Rome, 1880. While working on the church of Sant'Andrea della Valle, the painter Mario Cavaradossi, lover of the (jealous) Tosca, agrees to assist a political prisoner, Cesare Angelotti, in his efforts to escape. The chief of police, Scarpia, whose political ambitions thinly disguise his unparalleled cruelty, is on Angelotti’s trail and quickly discovers Cavaradossi's involvement. The only way to achieve his evil ends is to manipulate the beautiful Tosca, the object of all his fantasies. Cavaradossi is arrested and Scarpia comes close to having his way with Tosca, before she stabs him to death. But the perverse machinations of Scarpia outlive him: after a brief glimmer of hope, Mario dies, executed, while Tosca, fleeing her pursuers, jumps off the top of the Castel Sant’Angelo to her death.

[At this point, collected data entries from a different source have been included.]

definition convergent_splitting :: "real^'n^'n \<Rightarrow> real^'n^'n \<Rightarrow> bool" where
  "convergent_splitting U V \<longleftrightarrow> spec_rad (matrix_inv U ** V) < 1"

end

theory Submission
  imports Defs "HOL-Computational_Algebra.Fundamental_Theorem_Algebra"
begin

(* Let y = A^-1 b, Q = G F^-1 and W = V F^-1. Conjugating by F turns the error recursion
   into F (x (k+1) - y) = R_(s k) F (x k - y) with R_s = Q^s + (sum_(j<s) Q^j) W, and every R_s
   maps K into K. For e in the interior of K put w = F A^-1 e. The Neumann series of the two
   splittings give w - e in K, and (I - Q - W) w = e gives w - e - R_s w = sum_(0<j<s) Q^j e in K
   for s >= 1. Hence R_s w <= theta w in the order of K for all s >= 1 with a single theta < 1,
   so the transformed errors stay in order intervals [-c theta^k w, c theta^k w], which shrink
   to 0 because K is closed and pointed. *)

section \<open>Matrix algebra\<close>

lemma matrix_add_rdistrib: "(A + B) ** C = A ** C + B ** (C :: 'a::semiring_1^'n^'m)"
  by (simp add: matrix_matrix_mult_def vec_eq_iff sum.distrib distrib_right)

lemma matrix_diff_ldistrib: "A ** (B - C) = A ** B - A ** (C :: 'a::ring_1^'n^'m)"
  by (simp add: matrix_matrix_mult_def vec_eq_iff sum_subtractf right_diff_distrib)

lemma matrix_diff_rdistrib: "(A - B) ** C = A ** C - B ** (C :: 'a::ring_1^'n^'m)"
  by (simp add: matrix_matrix_mult_def vec_eq_iff sum_subtractf left_diff_distrib)

lemma matrix_sum_ldistrib: "A ** (\<Sum>i\<in>S. B i) = (\<Sum>i\<in>S. A ** B i :: 'a::semiring_1^'n^'m)"
  by (induct S rule: infinite_finite_induct) (simp_all add: matrix_add_ldistrib)

lemma matrix_sum_rdistrib: "(\<Sum>i\<in>S. A i) ** B = (\<Sum>i\<in>S. A i ** B :: 'a::semiring_1^'n^'m)"
  by (induct S rule: infinite_finite_induct) (simp_all add: matrix_add_rdistrib)

lemma matrix_vector_sum_rdistrib: "(\<Sum>i\<in>S. A i) *v x = (\<Sum>i\<in>S. A i *v x :: 'a::semiring_1^'m)"
  by (induct S rule: infinite_finite_induct) (simp_all add: matrix_vector_mult_add_rdistrib)

lemma mat_add: "mat (a + b) = mat a + (mat b :: 'a::semiring_1^'n^'n)"
  by (simp add: vec_eq_iff mat_def)

lemma mat_uminus: "mat (- a) = - (mat a :: 'a::ring_1^'n^'n)"
  by (simp add: vec_eq_iff mat_def)
lemma sum_Pk_hyp_Suc_eq:
  assumes "a \<le> k" "F \<subseteq> {1..k}" "\<And>i. i \<in> F \<Longrightarrow> v i \<in> S i"
    and "finite (S (Suc k))" "S (Suc k) \<noteq> {}" "0 \<le> \<delta> (Suc k)" "\<delta> (Suc k) < 1"
  shows "sum (Pk S \<F> val \<delta> a Pa (Suc k)) (hyp S (Suc k) F v)
    = sum (Pk S \<F> val \<delta> a Pa k) (hyp S k F v)"
proof -
  have "F \<subseteq> {1..Suc k}" "Suc k \<notin> F" "F - {Suc k} = F"
    using assms(2) by auto
  then have "sum (Pk S \<F> val \<delta> a Pa (Suc k)) (hyp S (Suc k) F v)
      = (\<Sum>x\<in>hyp S k F v. \<Sum>y\<in>S (Suc k). Pk S \<F> val \<delta> a Pa (Suc k) (x(Suc k := y)))"
    using assms(3) by (simp add: sum_hyp_Suc)
  also have "\<dots> = sum (Pk S \<F> val \<delta> a Pa k) (hyp S k F v)"
    using assms by (intro sum.cong refl sum_Pk_fibre) (auto simp: hyp_def)
  finally show ?thesis .
qed

lemma sum_Pk_hyp_insert_Suc_le:
  assumes "a \<le> k" "F \<subseteq> {1..k}" "\<And>i. i \<in> insert (Suc k) F \<Longrightarrow> v i \<in> S i"
    and "\<And>x. x \<in> Qk S k \<Longrightarrow> 0 \<le> Pk S \<F> val \<delta> a Pa k x" "0 \<le> \<delta> (Suc k)" "\<delta> (Suc k) < 1"
  shows "sum (Pk S \<F> val \<delta> a Pa (Suc k)) (hyp S (Suc k) (insert (Suc k) F) v)
    \<le> sum (Pk S \<F> val \<delta> a Pa k) (hyp S k F v) / ((1 - \<delta> (Suc k)) * real (card (S (Suc k))))"
proof -
  have sub: "insert (Suc k) F \<subseteq> {1..Suc k}" and "insert (Suc k) F - {Suc k} = F"
    using assms(2) by auto
  then have "sum (Pk S \<F> val \<delta> a Pa (Suc k)) (hyp S (Suc k) (insert (Suc k) F) v)
      = (\<Sum>x\<in>hyp S k F v. Pk S \<F> val \<delta> a Pa (Suc k) (x(Suc k := v (Suc k))))"
    using sum_hyp_Suc[OF sub assms(3)] by simp
  also have "\<dots> \<le> (\<Sum>x\<in>hyp S k F v.
      Pk S \<F> val \<delta> a Pa k x / ((1 - \<delta> (Suc k)) * real (card (S (Suc k)))))"
    using assms by (intro sum_mono Pk_fibre_le) (auto simp: hyp_def)
  finally show ?thesis
    by (simp add: sum_divide_distrib)
qed

lemma sum_hyp_le_cI:
  assumes "finite I" "\<And>i. i \<in> I \<Longrightarrow> finite (S i)" "\<And>i. i \<in> I \<Longrightarrow> v i \<in> S i"
  shows "sum Pa (hyp S a I v) \<le> cI S a Pa I"
proof -
  have "hyp S a I v = hyp S a I (restrict v I)"
    by (simp add: hyp_def)
  moreover have "restrict v I \<in> PiE I S"
    using assms(3) by simp
  ultimately show ?thesis
    unfolding cI_def using assms(1,2) by (intro Max_ge finite_imageI finite_PiE) auto
qed

lemma nu_insert:
  assumes "finite J" "j \<notin> J"
  shows "nu S \<delta> (insert j J) = nu S \<delta> J / ((1 - \<delta> j) * real (card (S j)))"
  using assms by (simp add: nu_def)

lemma sum_Pk_hyp_Suc_bound:
  assumes "a \<le> m" "I \<union> J \<subseteq> {1..Suc m}" "Suc m \<notin> I" "finite J"
    and "\<And>i. i \<in> I \<union> J \<Longrightarrow> v i \<in> S i"
    and "finite (S (Suc m))" "S (Suc m) \<noteq> {}" "0 \<le> \<delta> (Suc m)" "\<delta> (Suc m) < 1"
    and "\<And>x. x \<in> Qk S m \<Longrightarrow> 0 \<le> Pk S \<F> val \<delta> a Pa m x"
    and IH: "sum (Pk S \<F> val \<delta> a Pa m) (hyp S m (I \<union> (J - {Suc m})) v) \<le> C * nu S \<delta> (J - {Suc m})"
  shows "sum (Pk S \<F> val \<delta> a Pa (Suc m)) (hyp S (Suc m) (I \<union> J) v) \<le> C * nu S \<delta> J"
proof -
  define J' where "J' = J - {Suc m}"
  have "I \<union> J' \<subseteq> {1..m}"
    using assms(2,3) unfolding J'_def by (auto simp: subset_iff le_Suc_eq)
  show ?thesis
  proof (cases "Suc m \<in> J")
    case True
    let ?c = "(1 - \<delta> (Suc m)) * real (card (S (Suc m)))"
    have "0 < ?c"
      using assms(6,7,9) by (simp add: card_gt_0_iff)
    have J: "J = insert (Suc m) J'" "I \<union> J = insert (Suc m) (I \<union> J')"
      using True by (auto simp: J'_def)
    have "sum (Pk S \<F> val \<delta> a Pa (Suc m)) (hyp S (Suc m) (I \<union> J) v)
        \<le> sum (Pk S \<F> val \<delta> a Pa m) (hyp S m (I \<union> J') v) / ?c"
      unfolding J(2) using assms(1,5,8-10)[unfolded J(2)] \<open>I \<union> J' \<subseteq> {1..m}\<close>
      by (intro sum_Pk_hyp_insert_Suc_le) auto
    also have "\<dots> \<le> C * nu S \<delta> J' / ?c"
      using IH \<open>0 < ?c\<close> unfolding J'_def by (intro divide_right_mono) auto
    also have "\<dots> = C * nu S \<delta> J"
    proof -
      have "finite J'" "Suc m \<notin> J'"
        using assms(4) by (auto simp: J'_def)
      then show ?thesis
        unfolding J(1) by (simp add: nu_insert)
    qed
    finally show ?thesis .
  next
    case False
    then have "J' = J"
      by (simp add: J'_def)
    then have "sum (Pk S \<F> val \<delta> a Pa (Suc m)) (hyp S (Suc m) (I \<union> J) v)
        = sum (Pk S \<F> val \<delta> a Pa m) (hyp S m (I \<union> J) v)"
      using assms(1,5-9) \<open>I \<union> J' \<subseteq> {1..m}\<close> by (intro sum_Pk_hyp_Suc_eq) auto
    then show ?thesis
      using IH \<open>J' = J\<close> by (simp add: J'_def)
  qed
qed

Angelotti, an escaped political prisoner, has hidden in the church of Sant’Andrea della Valle where Mario Cavaradossi is working on a portrait of Mary Magdalene, whose features contrast with those of his lover, the singer Floria Tosca
Excerpt : « Recondita armonia »
Tosca is jealous and suspects someone is in the church. Yet she cannot remain angry and asks Mario to meet her that evening. As soon as she leaves the chapel and Angelotti is safely out of sight, the sound of canons signals the prisoner’s escape. Scarpia is sure that Angelotti has been in the church and, moreover, he is suspicious of Cavaradossi’s republican sympathies. Above all, Scarpia dreams of possessing the beautiful Tosca. His reverie is broken as a procession enters singing the Te Deum.
Excerpt : « Te Deum »
In the Palazzo Farnese, Scarpia has Mario tortured in order to find Angelotti’s hiding place. But it is Tosca who gives in and reveals the secret. Scarpia promises her she can save Mario from execution if she gives herself to him. She sings a fervent prayer…
Excerpt : « Vissi d’arte »
Tosca has stabbed Scarpia to death, after obtaining a safe-conduct that she hopes will allow her and Mario to flee. The latter, held in the Castel Sant'Angelo, sings of happier days...
Excerpt : « E lucevan le stelle »
Tosca explains to Mario that he must feign his death, according to Scarpia’s plan. But the plan turns out to be a trap: the bullets are real and Mario collapses! Tosca is devastated. As the soldiers rush in to arrest her, she runs to the parapet. “Scarpia must answer to God!” she cries, as she throws herself over the edge.
Excerpt : « Presto, su! Mario, Mario! »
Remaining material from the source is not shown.